This short book, produced by the Clinical Governance Support Service at the Royal College of Psychiatrists' Research Unit, reports on 28 clinical audits carried out by a number of UK substance misuse services. Topic areas covered include patient assessment, aspects of clinical care such as shorter- and longer-term prescribing and hepatitis B vaccination, organisational and management processes, user satisfaction and outcome. Examples of self-assessment, peer group and external evaluation methods are given, and both alcohol and drug misuse are covered.

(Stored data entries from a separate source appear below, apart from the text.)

(* Let $\epsilon\ge0$ and let $\mathcal A\in\mathrm{LDP}_\epsilon$. Then \[ \eta_{\mathrm{Tr}}(\mathcal A)\le\frac{e^\epsilon-1}{e^\epsilon+1}. \]
   Context: All Hilbert spaces are finite-dimensional. $E_\gamma(\rho\|\sigma)=\mathrm{Tr}(\rho-\gamma\sigma)_+$. A quantum channel (CPTP map) $\mathcal A$ from operators on $H_A$ to operators on $H_B$ is in $\mathrm{LDP}_\epsilon$ if $E_{e^\epsilon}(\mathcal A(\rho)\|\mathcal A(\sigma))=0$ for all states $\rho,\sigma$ on $H_A$. The trace-distance contraction coefficient is $\eta_{\mathrm{Tr}}(\mathcal A)=\sup_{\rho\ne\sigma}\frac{\|\mathcal A(\rho)-\mathcal A(\sigma)\|_1}{\|\rho-\sigma\|_1}$, the supremum over distinct states on $H_A$. *)

theory Defs
  imports Complex_Main "HOL-Library.Extended_Real" "Jordan_Normal_Form.Matrix"
begin

definition mtrace :: "complex mat \<Rightarrow> complex" where
  "mtrace A = (\<Sum>i<dim_row A. A $$ (i, i))"

definition adj :: "complex mat \<Rightarrow> complex mat" where
  "adj A = mat (dim_col A) (dim_row A) (\<lambda>(i, j). cnj (A $$ (j, i)))"

definition hermitian :: "complex mat \<Rightarrow> bool" where
  "hermitian A \<longleftrightarrow> A = adj A"

definition psd :: "nat \<Rightarrow> complex mat \<Rightarrow> bool" where
  "psd n A \<longleftrightarrow> A \<in> carrier_mat n n \<and> hermitian A \<and>
     (\<forall>v \<in> carrier_vec n. 0 \<le> Re (conjugate v \<bullet> (A *\<^sub>v v)))"

definition density :: "nat \<Rightarrow> complex mat \<Rightarrow> bool" where
  "density n \<rho> \<longleftrightarrow> psd n \<rho> \<and> mtrace \<rho> = 1"

definition pos_part :: "nat \<Rightarrow> complex mat \<Rightarrow> complex mat" where
  "pos_part n X = (THE P. psd n P \<and> psd n (P - X) \<and> P * (P - X) = 0\<^sub>m n n)"

definition E_gamma :: "nat \<Rightarrow> real \<Rightarrow> complex mat \<Rightarrow> complex mat \<Rightarrow> real" where
  "E_gamma n \<gamma> \<rho> \<sigma> = Re (mtrace (pos_part n (\<rho> - complex_of_real \<gamma> \<cdot>\<^sub>m \<sigma>)))"

definition msqrt :: "nat \<Rightarrow> complex mat \<Rightarrow> complex mat" where
  "msqrt n P = (THE S. psd n S \<and> S * S = P)"

definition trace_norm :: "nat \<Rightarrow> complex mat \<Rightarrow> real" where
  "trace_norm n X = Re (mtrace (msqrt n (adj X * X)))"

definition blk :: "nat \<Rightarrow> complex mat \<Rightarrow> nat \<Rightarrow> nat \<Rightarrow> complex mat" where
  "blk n X i j = mat n n (\<lambda>(a, b). X $$ (i * n + a, j * n + b))"

text \<open>The ampliation id_k \<otimes> A acting on (k*n) x (k*n) block matrices, output (k*m) x (k*m).\<close>
definition ampl :: "nat \<Rightarrow> nat \<Rightarrow> nat \<Rightarrow> (complex mat \<Rightarrow> complex mat) \<Rightarrow> complex mat \<Rightarrow> complex mat" where
  "ampl k n m A X = mat (k * m) (k * m)
     (\<lambda>(r, c). A (blk n X (r div m) (c div m)) $$ (r mod m, c mod m))"

definition channel :: "nat \<Rightarrow> nat \<Rightarrow> (complex mat \<Rightarrow> complex mat) \<Rightarrow> bool" where
  "channel n m A \<longleftrightarrow>
     (\<forall>X \<in> carrier_mat n n. A X \<in> carrier_mat m m) \<and>
     (\<forall>X \<in> carrier_mat n n. \<forall>Y \<in> carrier_mat n n. A (X + Y) = A X + A Y) \<and>
     (\<forall>X \<in> carrier_mat n n. \<forall>c. A (c \<cdot>\<^sub>m X) = c \<cdot>\<^sub>m A X) \<and>
     (\<forall>X \<in> carrier_mat n n. mtrace (A X) = mtrace X) \<and>
     (\<forall>k X. psd (k * n) X \<longrightarrow> psd (k * m) (ampl k n m A X))"

definition LDP :: "nat \<Rightarrow> nat \<Rightarrow> real \<Rightarrow> (complex mat \<Rightarrow> complex mat) \<Rightarrow> bool" where
  "LDP n m \<epsilon> A \<longleftrightarrow> channel n m A \<and>
     (\<forall>\<rho> \<sigma>. density n \<rho> \<longrightarrow> density n \<sigma> \<longrightarrow> E_gamma m (exp \<epsilon>) (A \<rho>) (A \<sigma>) = 0)"

text \<open>Trace-distance contraction coefficient (supremum in the extended reals; -\<infinity> if no two distinct states).\<close>
definition eta_tr :: "nat \<Rightarrow> nat \<Rightarrow> (complex mat \<Rightarrow> complex mat) \<Rightarrow> ereal" where
  "eta_tr n m A = (SUP p \<in> {(\<rho>, \<sigma>). density n \<rho> \<and> density n \<sigma> \<and> \<rho> \<noteq> \<sigma>}.
      ereal (trace_norm m (A (fst p) - A (snd p)) / trace_norm n (fst p - snd p)))"

end

(* Write rho - sigma = t (omega1 - omega2), where the density matrices omega1 and omega2 are the
   normalised positive and negative parts of rho - sigma, so that |rho - sigma|_1 = 2 t.
   In an orthonormal eigenbasis (v_l) of A omega1 - A omega2 the numbers a_l = <v_l, A omega1 v_l>
   and b_l = <v_l, A omega2 v_l> form two probability vectors with
   |A omega1 - A omega2|_1 = sum_l |a_l - b_l|. The condition E_{e^eps}(A omega1 || A omega2) = 0
   says A omega1 <= e^eps A omega2, hence a_l <= e^eps b_l, and symmetrically b_l <= e^eps a_l.
   Two probability vectors whose ratios lie in [e^-eps, e^eps] have total variation at most
   2 (e^eps - 1) / (e^eps + 1). *)

theory Submission
  imports Defs "Jordan_Normal_Form.Spectral_Radius"
begin

section \<open>Matrix algebra over the complex numbers\<close>

lemma index_mult_mat_sum:
  assumes "A \<in> carrier_mat n k" "B \<in> carrier_mat k m" "i < n" "j < m"
  shows "(A * B) $$ (i, j) = (\<Sum>l<k. A $$ (i, l) * B $$ (l, j))"
  using assms by (simp add: scalar_prod_def atLeast0LessThan)

lemma index_mult_mat_vec_sum:
  assumes "A \<in> carrier_mat n k" "v \<in> carrier_vec k" "i < n"
  shows "(A *\<^sub>v v) $ i = (\<Sum>l<k. A $$ (i, l) * v $ l)"
  using assms by (simp add: scalar_prod_def atLeast0LessThan)

lemma conjugate_scalar_prod_sum:
  assumes "v \<in> carrier_vec n" "w \<in> carrier_vec n"
  shows "conjugate v \<bullet> w = (\<Sum>l<n. cnj (v $ l) * w $ l)"
  using assms by (simp add: scalar_prod_def atLeast0LessThan)

lemma cscalar_prod_sum:
  assumes "v \<in> carrier_vec n" "w \<in> carrier_vec n"
  shows "v \<bullet>c w = (\<Sum>l<n. v $ l * cnj (w $ l))"
  using assms by (simp add: scalar_prod_def atLeast0LessThan)

lemma sum_rotate3:
  "(\<Sum>a<n. \<Sum>b<n. \<Sum>c<n. F a b c) = (\<Sum>b<n. \<Sum>c<n. \<Sum>a<(n::nat). (F a b c :: 'a::comm_monoid_add))"
proof -
  have "(\<Sum>a<n. \<Sum>b<n. \<Sum>c<n. F a b c) = (\<Sum>b<n. \<Sum>a<n. \<Sum>c<n. F a b c)"
    by (rule sum.swap)
  also have "\<dots> = (\<Sum>b<n. \<Sum>c<n. \<Sum>a<n. F a b c)"
    by (rule sum.cong[OF refl], rule sum.swap)
  finally show ?thesis .
qed

lemma sum_reverse3:
  "(\<Sum>a<n. \<Sum>b<n. \<Sum>c<n. F a b c) = (\<Sum>c<n. \<Sum>b<n. \<Sum>a<(n::nat). (F a b c :: 'a::comm_monoid_add))"
proof -
  have "(\<Sum>a<n. \<Sum>b<n. \<Sum>c<n. F a b c) = (\<Sum>a<n. \<Sum>c<n. \<Sum>b<n. F a b c)"
    by (rule sum.cong[OF refl], rule sum.swap)
  also have "\<dots> = (\<Sum>c<n. \<Sum>b<n. \<Sum>a<n. F a b c)"
    by (rule sum_rotate3)
  finally show ?thesis .
qed

lemma sum_mult_delta:
  assumes "l < n"
  shows "(\<Sum>k<(n::nat). f k * (if l = k then 1 else 0)) = (f l :: 'a::semiring_1)"
proof -
  have "(\<Sum>k<n. f k * (if l = k then 1 else 0)) = (\<Sum>k<n. if l = k then f k else 0)"
    by (rule sum.cong) auto
  then show ?thesis using assms by (simp add: sum.delta)
qed

lemma adj_carrier_mat [simp]: "A \<in> carrier_mat r c \<Longrightarrow> adj A \<in> carrier_mat c r"
  by (simp add: adj_def)

lemma dim_adj [simp]: "dim_row (adj A) = dim_col A" "dim_col (adj A) = dim_row A"
  by (simp_all add: adj_def)

lemma index_adj [simp]: "i < dim_col A \<Longrightarrow> j < dim_row A \<Longrightarrow> adj A $$ (i, j) = cnj (A $$ (j, i))"
  by (simp add: adj_def)

lemma adj_adj [simp]: "adj (adj A) = A"
  by (rule eq_matI) auto

lemma adj_mult:
  assumes "A \<in> carrier_mat n k" "B \<in> carrier_mat k m"
  shows "adj (A * B) = adj B * adj A"
proof (rule eq_matI)
  fix i j assume "i < dim_row (adj B * adj A)" "j < dim_col (adj B * adj A)"
  then have i: "i < m" and j: "j < n" using assms by auto
  have "adj (A * B) $$ (i, j) = (\<Sum>l<k. cnj (A $$ (j, l)) * cnj (B $$ (l, i)))"
    using assms i j by (simp add: index_mult_mat_sum[OF assms j i] cnj_sum)
  also have "\<dots> = (adj B * adj A) $$ (i, j)"
    by (subst index_mult_mat_sum[of _ m k _ n]) (use assms i j in \<open>auto simp: mult.commute intro!: sum.cong\<close>)
  finally show "adj (A * B) $$ (i, j) = (adj B * adj A) $$ (i, j)" .
qed (use assms in auto)

lemma adj_add: "A \<in> carrier_mat r c \<Longrightarrow> B \<in> carrier_mat r c \<Longrightarrow> adj (A + B) = adj A + adj B"
  by (rule eq_matI) auto

lemma adj_minus: "A \<in> carrier_mat r c \<Longrightarrow> B \<in> carrier_mat r c \<Longrightarrow> adj (A - B) = adj A - adj B"
  by (rule eq_matI) auto

lemma adj_zero_mat [simp]: "adj (0\<^sub>m r c) = 0\<^sub>m c r"
  by (rule eq_matI) auto

lemma adj_smult: "adj (a \<cdot>\<^sub>m A) = cnj a \<cdot>\<^sub>m adj A"
  by (rule eq_matI) auto

lemma hermitianD_index:
  assumes "hermitian A" "A \<in> carrier_mat n n" "i < n" "j < n"
  shows "A $$ (i, j) = cnj (A $$ (j, i))"
proof -
  have "A $$ (i, j) = adj A $$ (i, j)"
    using assms(1) unfolding hermitian_def by (rule arg_cong)
  then show ?thesis using assms by simp
qed

lemma hermitianI_index:
  assumes "A \<in> carrier_mat n n" "\<And>i j. i < n \<Longrightarrow> j < n \<Longrightarrow> A $$ (i, j) = cnj (A $$ (j, i))"
  shows "hermitian A"
  unfolding hermitian_def
proof (rule eq_matI)
  fix i j assume "i < dim_row (adj A)" "j < dim_col (adj A)"
  then show "A $$ (i, j) = adj A $$ (i, j)"
    using assms(1) assms(2)[of i j] by simp
qed (use assms(1) in auto)

lemma hermitian_add:
  "A \<in> carrier_mat n n \<Longrightarrow> B \<in> carrier_mat n n \<Longrightarrow> hermitian A \<Longrightarrow> hermitian B \<Longrightarrow> hermitian (A + B)"
  unfolding hermitian_def by (metis adj_add)

lemma hermitian_minus:
  "A \<in> carrier_mat n n \<Longrightarrow> B \<in> carrier_mat n n \<Longrightarrow> hermitian A \<Longrightarrow> hermitian B \<Longrightarrow> hermitian (A - B)"
  unfolding hermitian_def by (metis adj_minus)

lemma hermitian_smult_real: "hermitian A \<Longrightarrow> hermitian (complex_of_real c \<cdot>\<^sub>m A)"
  unfolding hermitian_def by (metis adj_smult complex_cnj_complex_of_real)

lemma mtrace_minus:
  "A \<in> carrier_mat n n \<Longrightarrow> B \<in> carrier_mat n n \<Longrightarrow> mtrace (A - B) = mtrace A - mtrace B"
  by (simp add: mtrace_def sum_subtractf)

definition qform :: "complex mat \<Rightarrow> complex vec \<Rightarrow> complex" where
  "qform A v = conjugate v \<bullet> (A *\<^sub>v v)"

lemma qform_sum:
  assumes "A \<in> carrier_mat n n" "v \<in> carrier_vec n"
  shows "qform A v = (\<Sum>i<n. cnj (v $ i) * (\<Sum>j<n. A $$ (i, j) * v $ j))"
  unfolding qform_def conjugate_scalar_prod_sum[OF assms(2) mult_mat_vec_carrier[OF assms]]
proof (intro sum.cong refl)
  fix i assume "i \<in> {..<n}"
  then show "cnj (v $ i) * (A *\<^sub>v v) $ i = cnj (v $ i) * (\<Sum>j<n. A $$ (i, j) * v $ j)"
    by (subst index_mult_mat_vec_sum[OF assms]) auto
qed

lemma qform_add:
  assumes "A \<in> carrier_mat n n" "B \<in> carrier_mat n n" "v \<in> carrier_vec n"
  shows "qform (A + B) v = qform A v + qform B v"
  unfolding qform_def using assms
  by (simp add: add_mult_distrib_mat_vec[OF assms] scalar_prod_add_distrib[of _ n])

lemma qform_minus:
  assumes "A \<in> carrier_mat n n" "B \<in> carrier_mat n n" "v \<in> carrier_vec n"
  shows "qform (A - B) v = qform A v - qform B v"
  unfolding qform_def using assms
  by (simp add: minus_mult_distrib_mat_vec[OF assms] scalar_prod_minus_distrib[of _ n])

The text provides some useful ideas for audit topics and methods, and is an early attempt at benchmarking standards. The reporting is well structured and easy to follow. Key messages for carrying out local audits, such as keeping things simple and not taking on too much, are sensible. The examples given of audits of hepatitis B vaccination programmes were particularly notable in this regard, and seem likely to have increased the quality of care given to intravenous drug users. However, the methods for choosing audit standards are not well explained or referenced, and their evidence-base therefore appears thin at times. This may, of course, reflect the state of the discipline. It would also be difficult to replicate some of the audit examples without well-developed peer-group audit structures already in place.

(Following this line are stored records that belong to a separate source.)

(* Let $k\ge 2$ and $\Delta\ge 2^{4^k+1}$ be integers, let $Q=\{Q_1,\dots,Q_\Delta\}$ be an arbitrary multiset in $h_1(\Delta)$, and let $P_\infty$ be the element of $Q$ described in the context. Let $\alpha:\{1,\dots,\Delta\}\to\{\mathrm{out},\mathrm{in}\}$ be any function. Let $\mathcal I\subseteq\{1,\dots,\Delta\}$ be the set of indices $i$ with $\{Q_i,P_\infty\}\notin g_1(\Delta)$ and $11\dots1\notin Q_i$. For $\mathcal J\subseteq\mathcal I$, let $N(\mathcal J)\subseteq\{1,\dots,\Delta\}$ be the set of indices $i$ for which there is $j\in\mathcal J$ with $\{Q_i,Q_j\}\in g_1(\Delta)$ and $\alpha(i)\ne\alpha(j)$. Then there is $\mathcal J^*\subseteq\mathcal I$ with $|\mathcal J^*|>|N(\mathcal J^* )|$ such that $\alpha(j)\neq\alpha(i)$ for all $j\in\mathcal J^*$, $i\in N(\mathcal J^* )$.
   Context: A trit sequence of length $k$ is a word $a_1\dots a_k$ with $a_j\in\{0,1,2\}$; it "has an $i$ at position $j$" if $a_j=i$; tritwise addition adds entries position by position. $g_1(\Delta)$ is the set of all 2-element multisets $\{W,X\}$ of sets of trit sequences of length $k$ such that there exist $w\in W$, $x\in X$ whose tritwise sum is $22\dots2$. $h_1(\Delta)$ is the set of all multisets $\{W_1,\dots,W_\Delta\}$ of sets of trit sequences of length $k$ such that (A) for any $w_1\in W_1,\dots,w_\Delta\in W_\Delta$ there is an index $1\le j\le k$ such that the number of $w_i$ with a $2$ at position $j$ is strictly greater than the number of $w_i$ with a $0$ at position $j$, and at most $k$ of the $w_i$ have a $0$ at position $j$; and (B) adding any trit sequence of length $k$ to any single $W_i$ yields a multiset violating (A). For $Q\in h_1(\Delta)$ with $\Delta\ge 2^{4^k+1}$, $P_\infty$ denotes the unique element of $Q$ that has multiplicity at least $\Delta-2^{4^k}$ in $Q$ and contains $11\dots1$ (such an element exists and is unique). *)

theory Defs
  imports Main "HOL-Library.Multiset"
begin

definition tseq :: "nat \<Rightarrow> nat list set" where
  "tseq k = {w. length w = k \<and> set w \<subseteq> {0,1,2}}"

definition ones :: "nat \<Rightarrow> nat list" where
  "ones k = replicate k 1"

definition twos :: "nat \<Rightarrow> nat list" where
  "twos k = replicate k 2"

definition tadd :: "nat list \<Rightarrow> nat list \<Rightarrow> nat list" where
  "tadd w x = map2 (+) w x"

definition g1 :: "nat \<Rightarrow> nat list set multiset set" where
  "g1 k = {M. \<exists>W X. M = {#W, X#} \<and> W \<subseteq> tseq k \<and> X \<subseteq> tseq k \<and>
                 (\<exists>w\<in>W. \<exists>x\<in>X. tadd w x = twos k)}"

definition condA :: "nat \<Rightarrow> nat \<Rightarrow> (nat \<Rightarrow> nat list set) \<Rightarrow> bool" where
  "condA k \<Delta> Ws \<longleftrightarrow>
     (\<forall>w. (\<forall>i\<in>{1..\<Delta>}. w i \<in> Ws i) \<longrightarrow>
        (\<exists>j<k. card {i\<in>{1..\<Delta>}. w i ! j = 2} > card {i\<in>{1..\<Delta>}. w i ! j = 0}
             \<and> card {i\<in>{1..\<Delta>}. w i ! j = 0} \<le> k))"

definition h1 :: "nat \<Rightarrow> nat \<Rightarrow> nat list set multiset set" where
  "h1 k \<Delta> = {M. \<exists>Ws. M = image_mset Ws (mset_set {1..\<Delta>}) \<and>
                     (\<forall>i\<in>{1..\<Delta>}. Ws i \<subseteq> tseq k) \<and>
                     condA k \<Delta> Ws \<and>
                     (\<forall>i\<in>{1..\<Delta>}. \<forall>t\<in>tseq k. t \<notin> Ws i \<longrightarrow>
                        \<not> condA k \<Delta> (Ws(i := insert t (Ws i))))}"

datatype orient = Out | In

end

theory Submission
  imports Defs "HOL-Combinatorics.Permutations"
begin

(* Suppose no such J* exists. Splitting any J within I by orientation, each half is monochromatic,
   hence has at least as many neighbours as elements, and the two neighbourhoods are disjoint; so
   Hall's condition holds and I injects into g1-neighbours of opposite orientation, none of which
   is a copy of P_inf. The remaining indices without 11...1 are g1-adjacent to every copy of P_inf,
   and there are at most 2^(4^k) of them but at least 2^(4^k) copies, so they inject into the copies.
   An injection that stays inside its domain only along edges between opposite orientations can be
   turned into a matching covering its domain (its cycles inside the domain have even length).
   Choosing words adding up to 22...2 on matched pairs and 11...1 on unmatched indices then gives a
   selection with as many 2s as 0s at every position, contradicting condition (A). *)

lemma tadd_commute: "tadd w u = tadd u w"
  unfolding tadd_def by (induction w arbitrary: u) (auto split: list.split simp: zip_Cons1)

lemma tadd_eq_twos_nth:
  assumes "tadd w u = twos k" and "p < k"
  shows "w ! p + u ! p = 2"
proof -
  have "length (tadd w u) = k" using assms(1) by (simp add: twos_def)
  then have "p < length w" "p < length u" using assms(2) by (auto simp: tadd_def)
  then have "tadd w u ! p = w ! p + u ! p" by (simp add: tadd_def)
  then show ?thesis using assms by (simp add: twos_def)
qed

lemma g1_imp_tadd_eq_twos:
  assumes "{#A, B#} \<in> g1 k"
  shows "\<exists>w\<in>A. \<exists>u\<in>B. tadd w u = twos k"
proof -
  obtain W X where WX: "{#A, B#} = {#W, X#}" and "\<exists>w\<in>W. \<exists>x\<in>X. tadd w x = twos k"
    using assms unfolding g1_def by blast
  moreover from WX have "A = W \<and> B = X \<or> A = X \<and> B = W"
    by (auto simp: add_eq_conv_ex)
  ultimately show ?thesis using tadd_commute by metis
qed

lemma count_image_mset_mset_set:
  assumes "finite D"
  shows "count (image_mset Q (mset_set D)) P = card {x\<in>D. Q x = P}"
  using assms by (simp add: count_image_mset Int_commute vimage_def Collect_conj_eq)

lemma card_permutes_Collect_inv:
  assumes "p permutes D"
  shows "card {i\<in>D. P (inv p i)} = card {i\<in>D. P i}"
proof -
  have "{i\<in>D. P (inv p i)} = p ` {i\<in>D. P i}"
  proof (intro equalityI subsetI)
    fix i assume "i \<in> {i\<in>D. P (inv p i)}"
    then show "i \<in> p ` {i\<in>D. P i}"
      using assms by (auto intro!: image_eqI[of _ _ "inv p i"]
          simp: permutes_inverses(1) permutes_in_image permutes_inv)
  qed (use assms in \<open>auto simp: permutes_inverses(2) permutes_in_image\<close>)
  then show ?thesis
    using permutes_inj_on[OF assms] by (simp add: card_image)
qed

lemma condA_permutes:
  assumes p: "p permutes {1..\<Delta>}" and "condA k \<Delta> W"
  shows "condA k \<Delta> (W \<circ> p)"
  unfolding condA_def
proof (intro allI impI)
  let ?D = "{1..\<Delta>}"
  fix v assume v: "\<forall>i\<in>?D. v i \<in> (W \<circ> p) i"
  have "\<forall>i\<in>?D. (v \<circ> inv p) i \<in> W i"
    using v p by (metis comp_apply permutes_inverses(1) permutes_inv permutes_in_image)
  then obtain j where j: "j < k"
    "card {i\<in>?D. (v \<circ> inv p) i ! j = 2} > card {i\<in>?D. (v \<circ> inv p) i ! j = 0}"
    "card {i\<in>?D. (v \<circ> inv p) i ! j = 0} \<le> k"
    using \<open>condA k \<Delta> W\<close> unfolding condA_def by blast
  have "card {i\<in>?D. (v \<circ> inv p) i ! j = a} = card {i\<in>?D. v i ! j = a}" for a
    using card_permutes_Collect_inv[OF p] by simp
  then show "\<exists>j<k. card {i\<in>?D. v i ! j = 2} > card {i\<in>?D. v i ! j = 0}
                 \<and> card {i\<in>?D. v i ! j = 0} \<le> k"
    using j by auto
qed

lemma condA_if_in_h1:
  assumes "image_mset Q (mset_set {1..\<Delta>}) \<in> h1 k \<Delta>"
  shows "condA k \<Delta> Q"
proof -
  obtain W where W: "image_mset Q (mset_set {1..\<Delta>}) = image_mset W (mset_set {1..\<Delta>})"
    and "condA k \<Delta> W"
    using assms unfolding h1_def by blast
  obtain p where p: "p permutes {1..\<Delta>}" and "\<forall>i\<in>{1..\<Delta>}. Q i = W (p i)"
    using image_mset_eq_implies_permutes[OF _ W] by blast
  then have "condA k \<Delta> Q = condA k \<Delta> (W \<circ> p)"
    unfolding condA_def by simp
  then show ?thesis using condA_permutes[OF p \<open>condA k \<Delta> W\<close>] by simp
qed

definition hall_condition :: "'a set \<Rightarrow> ('a \<Rightarrow> 'b set) \<Rightarrow> bool" where
  "hall_condition A S \<longleftrightarrow> (\<forall>J\<subseteq>A. card J \<le> card (\<Union> (S ` J)))"

lemma hall_conditionD: "hall_condition A S \<Longrightarrow> J \<subseteq> A \<Longrightarrow> card J \<le> card (\<Union> (S ` J))"
  unfolding hall_condition_def by blast

lemma hall_condition_subset: "hall_condition A S \<Longrightarrow> B \<subseteq> A \<Longrightarrow> hall_condition B S"
  unfolding hall_condition_def by blast

text \<open>Since the cardinality of an infinite set is 0, Hall's condition forces finite neighbourhoods.\<close>

lemma hall_condition_finite_UN:
  assumes "finite A" "hall_condition A S" "J \<subseteq> A"
  shows "finite (\<Union> (S ` J))"
proof (cases "J = {}")
  case False
  then have "0 < card J" using assms(1,3) finite_subset by fastforce
  also have "card J \<le> card (\<Union> (S ` J))" using hall_conditionD[OF assms(2,3)] .
  finally show ?thesis by (rule card_ge_0_finite)
qed simp

lemma hall_condition_Diff_singleton:
  assumes "finite A" "hall_condition A S"
    and surplus: "\<forall>J\<subseteq>A. J \<noteq> {} \<and> J \<noteq> A \<longrightarrow> card J < card (\<Union> (S ` J))"
    and "a \<in> A"
  shows "hall_condition (A - {a}) (\<lambda>j. S j - {x})"
  unfolding hall_condition_def
proof (intro allI impI)
  fix J assume J: "J \<subseteq> A - {a}"
  show "card J \<le> card (\<Union>j\<in>J. S j - {x})"
  proof (cases "J = {}")
    case False
    then have "card J < card (\<Union> (S ` J))" using surplus J \<open>a \<in> A\<close> by blast
    moreover have "finite (\<Union> (S ` J))" using hall_condition_finite_UN assms(1,2) J by blast
    moreover have "(\<Union>j\<in>J. S j - {x}) = \<Union> (S ` J) - {x}" by blast
    ultimately show ?thesis by (simp add: card_Diff_singleton_if) linarith
  qed simp
qed

lemma hall_condition_Diff_critical:
  assumes "finite A" "hall_condition A S" "J0 \<subseteq> A"
    and critical: "card (\<Union> (S ` J0)) \<le> card J0"
  shows "hall_condition (A - J0) (\<lambda>j. S j - \<Union> (S ` J0))"
  unfolding hall_condition_def
proof (intro allI impI)
  fix K assume K: "K \<subseteq> A - J0"
  then have KJ0: "K \<union> J0 \<subseteq> A" using assms(3) by blast
  have "finite K" "finite J0" using K assms(1,3) finite_subset by blast+
  moreover have "K \<inter> J0 = {}" using K by blast
  ultimately have "card K + card J0 = card (K \<union> J0)"
    by (simp add: card_Un_disjoint)
  also have "\<dots> \<le> card (\<Union> (S ` (K \<union> J0)))"
    using hall_conditionD[OF assms(2) KJ0] .
  also have "\<dots> = card (\<Union>j\<in>K. S j - \<Union> (S ` J0)) + card (\<Union> (S ` J0))"
  proof -
    have "finite (\<Union> (S ` (K \<union> J0)))"
      using hall_condition_finite_UN[OF assms(1,2) KJ0] .
    moreover have "\<Union> (S ` (K \<union> J0)) = (\<Union>j\<in>K. S j - \<Union> (S ` J0)) \<union> \<Union> (S ` J0)"
      by blast
    moreover have "(\<Union>j\<in>K. S j - \<Union> (S ` J0)) \<inter> \<Union> (S ` J0) = {}" by blast
    ultimately show ?thesis by (metis card_Un_disjoint finite_Un)
  qed
  finally show "card K \<le> card (\<Union>j\<in>K. S j - \<Union> (S ` J0))" using critical by linarith
qed

definition distinct_representatives :: "'a set \<Rightarrow> ('a \<Rightarrow> 'b set) \<Rightarrow> ('a \<Rightarrow> 'b) \<Rightarrow> bool" where
  "distinct_representatives A S f \<longleftrightarrow> inj_on f A \<and> (\<forall>a\<in>A. f a \<in> S a)"

lemma distinct_representatives_insert:
  assumes "a \<in> A" "x \<in> S a" "distinct_representatives (A - {a}) (\<lambda>j. S j - {x}) f"
  shows "distinct_representatives A S (f(a := x))"
proof -
  have "x \<notin> f ` (A - {a})" using assms(3) unfolding distinct_representatives_def by blast
  then have "inj_on (f(a := x)) (insert a (A - {a}))"
    using assms(3) unfolding distinct_representatives_def
    by (intro iffD2[OF inj_on_insert]) (simp add: inj_on_fun_updI)
  then show ?thesis
    using assms unfolding distinct_representatives_def insert_Diff[OF \<open>a \<in> A\<close>] by simp
qed

lemma distinct_representatives_Un_critical:
  assumes "J \<subseteq> A" "distinct_representatives J S f"
    and "distinct_representatives (A - J) (\<lambda>j. S j - \<Union> (S ` J)) g"
  shows "distinct_representatives A S (\<lambda>a. if a \<in> J then f a else g a)"
proof -
  have "f ` J \<subseteq> \<Union> (S ` J)" using assms(2) unfolding distinct_representatives_def by blast
  moreover have "g ` (A - J) \<inter> \<Union> (S ` J) = {}"
    using assms(3) unfolding distinct_representatives_def by blast
  ultimately have "inj_on (\<lambda>a. if a \<in> J then f a else g a) (J \<union> (A - J))"
    using assms(2,3) unfolding distinct_representatives_def by (intro inj_on_disjoint_Un) blast+
  moreover have "J \<union> (A - J) = A" using assms(1) by blast
  ultimately show ?thesis
    using assms(2,3) unfolding distinct_representatives_def by auto
qed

Readers will find this book helpful, perhaps as a clinically focused complement to the more organisationally based QuADS project manual produced by Drug Scope/Alcohol Concern. It may be that the national standards for drug and alcohol services that should be in place as part of the National Drugs Strategy by 2002 will eventually provide more salient audit standards than those provided in this text. However, this book will still remain useful in terms of auditing everyday practice, and staff in both statutory and voluntary sector drug and alcohol services should have access to it. Audit project coordinators will also find it a practical guide to the area.